Bucket sort distributes elements into buckets based on their value range, sorts each bucket individually, then concatenates. It achieves O(n) average time when elements are uniformly distributed.

PropertyValue
Average TimeO(n + k) when data is uniformly distributed
Worst TimeO(n²) when all elements land in one bucket
SpaceO(n + k) where k = number of buckets
Stable?Yes (if inner sort is stable)
def bucket_sort(arr: list, num_buckets: int = 10) -> list:
    """Bucket sort for floating-point numbers in [0, 1).

    Time:  O(n) average when data is uniformly distributed
    Space: O(n + num_buckets)

    Perfect for sorting probability scores, normalized features,
    and other float data in [0, 1) range.
    """
    if not arr:
        return []

    # Create empty buckets
    buckets = [[] for _ in range(num_buckets)]

    # Distribute elements into buckets
    for val in arr:
        bucket_idx = min(int(val * num_buckets), num_buckets - 1)
        buckets[bucket_idx].append(val)

    # Sort each bucket (insertion sort for small buckets)
    for bucket in buckets:
        bucket.sort()  # Small buckets, so O(k^2) is fine

    # Concatenate all buckets
    result = []
    for bucket in buckets:
        result.extend(bucket)

    return result

# Example: sort model prediction probabilities
probabilities = [0.78, 0.12, 0.95, 0.34, 0.67, 0.89, 0.23, 0.56, 0.91, 0.45]
sorted_probs = bucket_sort(probabilities)
print(sorted_probs)
# [0.12, 0.23, 0.34, 0.45, 0.56, 0.67, 0.78, 0.89, 0.91, 0.95]

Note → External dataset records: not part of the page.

lemma emeasure_le_holder:
  assumes [measurable]: "E \<in> sets lebesgue" and "\<alpha> > 0" "lam > 0"
    and p_modular: "(\<integral>\<^sup>+x. ennreal ((\<bar>indicator E x * w x\<bar> / \<alpha>) powr p x) \<partial>lebesgue) \<le> 1"
    and q_modular: "modular q (\<lambda>x. ennreal \<bar>indicator E x * v x\<bar>) lam \<le> 1"
  shows "emeasure lebesgue E \<le> ennreal (4 * \<alpha> powr (1/s) * lam powr (1/\<kappa>))"
proof -
  define G where "G x = \<bar>indicator E x * v x\<bar>" for x
  define X where "X x = (if s * p x = 1 then 0 else ennreal ((G x / lam) powr ((s * p x / (s * p x - 1)) / \<kappa>)))" for x
  define Y where "Y x = ennreal ((\<bar>indicator E x * w x\<bar> / \<alpha>) powr p x)" for x
  define c where "c = 2 * \<alpha> powr (1/s) * lam powr (1/\<kappa>)"
  have [measurable]: "X \<in> borel_measurable lebesgue" "Y \<in> borel_measurable lebesgue"
    unfolding X_def Y_def G_def by measurable
  have c: "c > 0"
    using assms(2,3) by (simp add: c_def)
  have q_integral: "(\<integral>\<^sup>+x. (if q x = \<infinity> then 0 else ennreal ((G x / lam) powr real_of_ereal (q x))) \<partial>lebesgue) \<le> 1"
    and q_critical: "AE x in lebesgue. q x = \<infinity> \<longrightarrow> G x / lam \<le> 2"
    using modular_ennreal_le_oneD[of lam G q] \<open>lam > 0\<close> q_modular by (auto simp: G_def)
  have "(if q x = \<infinity> then 0 else ennreal ((G x / lam) powr real_of_ereal (q x))) = X x" for x
    by (cases "s * p x = 1") (simp_all add: X_def q_eq_infinity_iff q_eq_ereal)
  then have X_le: "(\<integral>\<^sup>+x. X x \<partial>lebesgue) \<le> 1"
    using q_integral by simp
  have critical: "AE x in lebesgue. s * p x = 1 \<longrightarrow> G x / lam \<le> 2"
    using q_critical by (simp add: q_eq_infinity_iff)
  have "AE x in lebesgue. indicator E x \<le> ennreal c * (Y x + X x)"
    using w_pos sp_ge_1 critical
  proof eventually_elim
    case (elim x)
    show ?case
    proof (cases "x \<in> E")
      case True
      have Gx: "G x = w x powr (-\<kappa>/s)" and Yx: "Y x = ennreal ((w x / \<alpha>) powr p x)"
        using True elim(1) by (simp_all add: G_def Y_def)
      show ?thesis
      proof (cases "s * p x = 1")
        case True
        then have "1 \<le> c * (w x / \<alpha>) powr p x"
          using one_le_holder_pointwise_critical[of "w x" \<alpha> lam s \<kappa> "p x"] elim assms(2,3) s_gt_1 kappa_gt_1
          by (simp add: c_def Gx)
        then show ?thesis
          using \<open>x \<in> E\<close> True c by (simp add: X_def Yx ennreal_mult[symmetric] ennreal_leI)
      next
        case False
        then have "1 \<le> c * ((w x / \<alpha>) powr p x + (G x / lam) powr ((s * p x / (s * p x - 1)) / \<kappa>))"
          using one_le_holder_pointwise[of "w x" \<alpha> lam s \<kappa> "p x"] elim assms(2,3) s_gt_1 kappa_gt_1
          by (simp add: c_def Gx)
        then show ?thesis
          using \<open>x \<in> E\<close> False c
          by (simp add: X_def Yx ennreal_mult[symmetric] ennreal_plus[symmetric] ennreal_leI del: ennreal_plus)
      qed
    qed simp
  qed
  then have "emeasure lebesgue E \<le> (\<integral>\<^sup>+x. ennreal c * (Y x + X x) \<partial>lebesgue)"
    by (simp add: nn_integral_mono_AE flip: nn_integral_indicator)
  also have "\<dots> = ennreal c * ((\<integral>\<^sup>+x. Y x \<partial>lebesgue) + (\<integral>\<^sup>+x. X x \<partial>lebesgue))"
    by (simp add: nn_integral_cmult nn_integral_add)
  also have "\<dots> \<le> ennreal c * 2"
    using p_modular X_le unfolding Y_def one_add_one[symmetric] by (intro mult_left_mono add_mono) auto
  also have "\<dots> = ennreal (2 * c)"
    using c by (simp add: ennreal_mult mult.commute)
  also have "\<dots> = ennreal (4 * \<alpha> powr (1/s) * lam powr (1/\<kappa>))"
    by (simp add: c_def)
  finally show ?thesis .
qed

Generalized Bucket Sort for Any Range

def bucket_sort_general(arr: list, num_buckets: int = 10) -> list:
    """Generalized bucket sort for any numeric range.

    Maps values to [0, 1) range then applies bucket sort.

    Time:  O(n) average
    Space: O(n + num_buckets)
    """
    if len(arr) <= 1:
        return arr.copy()

    min_val = min(arr)
    max_val = max(arr)

    if min_val == max_val:
        return arr.copy()

    range_val = max_val - min_val
    buckets = [[] for _ in range(num_buckets)]

    for val in arr:
        # Normalize to [0, 1) then map to bucket
        normalized = (val - min_val) / range_val
        bucket_idx = min(int(normalized * num_buckets), num_buckets - 1)
        buckets[bucket_idx].append(val)

    result = []
    for bucket in buckets:
        bucket.sort()
        result.extend(bucket)

    return result

# ML Application: Sort feature values for percentile computation
feature_values = [23.5, 67.8, 12.1, 89.3, 45.6, 34.2, 78.9, 56.7, 91.0, 15.4]
sorted_features = bucket_sort_general(feature_values)
n = len(sorted_features)
percentiles = {
    "p25": sorted_features[n // 4],
    "p50": sorted_features[n // 2],
    "p75": sorted_features[3 * n // 4],
    "p90": sorted_features[int(0.9 * n)]
}
print(f"Feature percentiles: {percentiles}")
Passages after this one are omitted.